What to produce =>
Work through the data and report how many lines include the string "ultimately", giving the number alone.
** Opening Entries shown block **
lemma astar_inv_iter_step:
  assumes wf: "ts_wf TS" and mon: "dyn_monotonic TS \<sigma>h h"
    and inv: "astar_inv TS \<sigma>h h C" and step: "iter_step TS \<sigma>h h reeval C C'"
  shows "astar_inv TS \<sigma>h h C'"
proof -
  have reach: "(ih C, known C) \<in> reach_info TS \<sigma>h" and dom: "known C \<subseteq> dom (ip C)"
    and entries: "\<forall>e\<in>#opn C. fst e \<in> known C" and cov: "\<forall>x\<in>known C. covered_by_open h C x"
    using inv unfolding astar_inv_def by auto
  have states: "known C \<subseteq> St TS" by (rule reach_info_subset_states[OF wf reach])
  have popped: "covered_by_open h D x"
    if "x \<in> known C" "x \<noteq> fst e" "ip D = ip C" "closed C - {fst e} \<subseteq> closed D"
      "ih D = ih C \<or> ih D = rfn \<sigma>h (ih C) (fst e)" "e \<in># opn C" "opn C - {#e#} \<subseteq># opn D"
    for x D e
  proof (rule covered_by_open_mono)
    have "x \<in> St TS" "fst e \<in> St TS" using that states entries by auto
    then show "h x (ih C) \<le> h x (ih D)"
      using that dyn_monotonicD_rfn[OF mon reach] by auto
    show "(x, g', h') \<in># opn D" if "(x, g', h') \<in># opn C" for g' h'
    proof -
      have "(x, g', h') \<noteq> e" using \<open>x \<noteq> fst e\<close> by auto
      with that have "(x, g', h') \<in># opn C - {#e#}" by (simp add: in_diff_count)
      then show ?thesis using \<open>opn C - {#e#} \<subseteq># opn D\<close> by (rule mset_subset_eqD[rotated])
    qed
  qed (use that cov in \<open>auto simp: gcur_def\<close>)
  from step show ?thesis
  proof (cases rule: iter_stepE)
    case (skip e)
    have "covered_by_open h C' x" if "x \<in> known C'" for x
      using that skip popped[where x=x and D=C' and e=e] by (cases "x = fst e") (auto simp: covered_by_open_def)
    then show ?thesis using skip reach dom entries
      by (auto simp: astar_inv_def dest: in_diffD)
  next
    case (reevaluate e)
    have "covered_by_open h C' x" if "x \<in> known C'" for x
      using that reevaluate popped[where x=x and D=C' and e=e]
      by (cases "x = fst e") (auto simp: covered_by_open_def gcur_def split: if_splits)
    moreover have "(ih C', known C') \<in> reach_info TS \<sigma>h"
      using reach_info.refine[OF reach] reevaluate entries by auto
    ultimately show ?thesis using reevaluate dom entries
      by (auto simp: astar_inv_def dest: in_diffD split: if_splits)
  next
    case (expand e ts)
    let ?E = "C\<lparr>ih := rfn \<sigma>h (ih C) (fst e), opn := opn C - {#e#}, closed := insert (fst e) (closed C)\<rparr>"
    have "covered_by_open h ?E x" if "x \<in> known ?E" for x
      using that expand popped[where x=x and D="?E" and e=e] by (cases "x = fst e") (auto simp: covered_by_open_def)
    moreover have "(ih ?E, known ?E) \<in> reach_info TS \<sigma>h"
      using reach_info.refine[OF reach] expand entries by auto
    ultimately have "astar_inv TS \<sigma>h h ?E"
      using dom entries by (auto simp: astar_inv_def dest: in_diffD)
    then show ?thesis
      using astar_inv_fold_succ_step[OF wf mon] expand entries by auto
  qed
qed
** Closing Entries shown block **
Response to this exercise =>
2